Wenn du Tiere schützen willst, vielleicht mal über ein anderes Hobby nachdenken?

Jürgen


----------



## carpforce1 (15. Juli 2016)

*AW: Frankreich no kill zone, mit lebendige Köder???*

Das C&R ist meist auf Karpfen und Wels bezogen an solchen Gewässern.
 Daher fällt der Köfi nicht darunter. Es sei den, du nimmst Karpfen, dann gibt es haue...


----------



## GummiEnte68 (15. Juli 2016)

*AW: Frankreich no kill zone, mit lebendige Köder???*

Weil ein Karpfen natürlich ein höher gestelltes Lebewesen ist als ein anderer Fisch gibt es dann also Haue...
Sehr geistreiche Antwort#q


----------



## carpforce1 (15. Juli 2016)

*AW: Frankreich no kill zone, mit lebendige Köder???*

@GummiEnte,

 erst denken, dann schreiben. 
 Wenn man nichts sinnvolles Beitragen kann, Finger von der Tastatur!

 An einem Paylake an dem C&R gilt, fliegst du schneller vom Gelände als du denkst, wenn dort ein Karpfen drauf geht.

 Karpfen und Waller sind deren Kapital und werden daher geschützt. 
 Angler aus ganz Europa fahren an diese Seen und bezahlen gutes Geld um dort zu fischen.

 Grüße
 Carpforce


----------



## Revilo62 (15. Juli 2016)

*AW: Frankreich no kill zone, mit lebendige Köder???*

Kann es sein,dass Du dich mit der Materie Frankreich nicht so auskennst?
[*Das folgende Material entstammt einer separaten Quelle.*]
(* For the redundancy-$d$ cancel-on-completion model described in the context, provided the normalising sum is finite, the stationary distribution of the token state descriptor is $$\pi((T_1,n_1,\dots,T_i,n_i))=\pi((0))\frac1{i!}\prod_{j=1}^i\Big(\frac{j\lambda}{\mu\binom Kd F_j(T_1,\dots,T_j)}\Big)^{n_j+1},$$ for all $i\in\{0,\dots,\binom Kd\}$, distinct $T_1,\dots,T_i$ and $n_j\in\mathbb N_0$.
   Context: Redundancy-$d$ COC model: $K$ homogeneous servers, each with its own FCFS queue, serving at exponential rate $\mu$. Customers arrive as a Poisson process with rate $\lambda$; each picks a uniformly random set of $d$ of the $K$ servers and sends a copy to each, copies having independent exponential($\mu$) service requirements; when any copy completes, all copies of that customer are removed. Customer types correspond to the $\binom Kd$ server subsets, each with arrival rate $\lambda/\binom Kd$. Token representation: one token per type, held by the oldest customer of that type present. State: $(0)$ or $(T_1,n_1,\dots,T_i,n_i)$ with $T_1,\dots,T_i$ distinct held tokens ordered by arrival of their holders and $n_j$ the number of non-holding customers arriving between holders of $T_j$ and $T_{j+1}$ (after the holder of $T_i$ for $j=i$). $F_j(T_1,\dots,T_j)$ denotes the number of servers in the union of the server sets of the types corresponding to $T_1,\dots,T_j$. *)

theory Defs
  imports "HOL-Analysis.Analysis"
begin

definition stationary_dist :: "'s set \<Rightarrow> ('s \<Rightarrow> 's \<Rightarrow> real) \<Rightarrow> ('s \<Rightarrow> real) \<Rightarrow> bool" where
  "stationary_dist S q p \<longleftrightarrow>
     (\<forall>x\<in>S. 0 \<le> p x) \<and> (p has_sum 1) S \<and>
     (\<forall>x\<in>S. p x * (\<Sum>\<^sub>\<infinity>y\<in>S - {x}. q x y) = (\<Sum>\<^sub>\<infinity>y\<in>S - {x}. p y * q y x))"
lemma (in parent_tree) matrix_TU_eq:
  assumes "ultrametric_tree V r parent len 1" and "i \<in> V" "j \<in> V"
  shows "matrix_TU V r parent len U i j
    = depth r parent len (lca V parent i j)
      - 1 / (\<Sum>k \<in> minimal_elems V parent U. real (num_leaves_below V parent k))
      + (if i = j then (1 - depth r parent len i) / num_leaves_below V parent i else 0)"
proof (cases "i = j")
  case True
  then show ?thesis
    unfolding matrix_TU_def Let_def True height_eq_radius_minus_depth[OF assms(1,3)] lca_self[OF assms(3)]
    using num_leaves_below_pos[OF assms(3)] by (simp add: field_simps)
next
  case False
  then show ?thesis
    unfolding matrix_TU_def Let_def
    using height_eq_radius_minus_depth[OF assms(1) lca_in_V[OF assms(2,3)]] by simp
qed

lemma (in parent_tree) quadratic_form_matrix_TU:
  fixes U :: "'a set" and x :: "'a \<Rightarrow> real"
  defines "M \<equiv> minimal_elems V parent U"
  defines "\<nu> \<equiv> \<lambda>k. if k \<in> M then num_leaves_below V parent k else 0"
    and "y \<equiv> \<lambda>i. if i \<in> M then x i else 0"
  assumes "ultrametric_tree V r parent len 1" and "M \<subseteq> V"
  shows "(\<Sum>i\<in>M. \<Sum>j\<in>M. x i * matrix_TU V r parent len U i j * x j)
    = (\<Sum>w \<in> V - {r}. len w * (subtree_sum y w)\<^sup>2) - (sum y V)\<^sup>2 / sum \<nu> V
      + (\<Sum>w \<in> V. (1 - depth r parent len w) * (y w)\<^sup>2 / \<nu> w)"
proof -
  have n: "(\<Sum>k \<in> M. real (num_leaves_below V parent k)) = sum \<nu> V"
    unfolding \<nu>_def of_nat_sum[symmetric] using sum.inter_restrict[OF finite_V] assms(5)
    by (metis Int_absorb1)
  have entries: "matrix_TU V r parent len U i j = depth r parent len (lca V parent i j) - 1 / sum \<nu> V
      + (if i = j then (1 - depth r parent len i) / num_leaves_below V parent i else 0)"
    if "i \<in> V" "j \<in> V" for i j
    using matrix_TU_eq[OF assms(4) that, where U = U, folded M_def, unfolded n] .
  have weights: "(1 - depth r parent len w) / num_leaves_below V parent w * (y w)\<^sup>2
      = (1 - depth r parent len w) * (y w)\<^sup>2 / \<nu> w" for w
    unfolding \<nu>_def y_def by simp
  have "(\<Sum>i\<in>M. \<Sum>j\<in>M. x i * matrix_TU V r parent len U i j * x j)
      = (\<Sum>i\<in>V. \<Sum>j\<in>V. y i * matrix_TU V r parent len U i j * y j)"
    unfolding y_def using finite_V assms(5) by (rule quadratic_form_restrict)
  also have "\<dots> = (\<Sum>i\<in>V. \<Sum>j\<in>V. y i * depth r parent len (lca V parent i j) * y j)
      - 1 / sum \<nu> V * (sum y V)\<^sup>2
      + (\<Sum>i\<in>V. (1 - depth r parent len i) / num_leaves_below V parent i * (y i)\<^sup>2)"
    by (simp add: entries quadratic_form_split[OF finite_V])
  finally show ?thesis unfolding quadratic_form_depth_lca weights by simp
qed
Viele Seen werden durch Leute bewirtschaftet,die sich dem spezialisierten Karpfen-oder Wallerfischen verschrieben haben und ne Menge Geld damit verdienen wollen und damit klare Regeln erstellen und diese auch u.U. energisch durchsetzen, allerdings ist die Durchsetzung der Angelregeln in F generell energischer,wer die pesce guard mal erleben durfte ,weiss wovon ich schreibe.
Tight Lines aus Berlin

Gesendet von meinem SM-G900F mit Tapatalk


----------



## Blechinfettseb (15. Juli 2016)

*AW: Frankreich no kill zone, mit lebendige Köder???*

An den Paylakes die ich hinter der Grenze kenne gilt das catch and release (+no kill) in der Regel nur für bestimmte Arten. Meist halt Karpfen und Wels. Was du mit dem anderen Fischen wie Weißfischen machst interessiert in der Regel keine Sau. Das C+R wird dort ja auch hauptsächlich aus monetären Gründen betrieben. Die dicken sollen halt für viel Geld immer wieder gefangen werden. Also einfach die Betreiberregeln durchlesen bzw. nachfragen, denn nur der Betreiber wird Dir das beantworten können.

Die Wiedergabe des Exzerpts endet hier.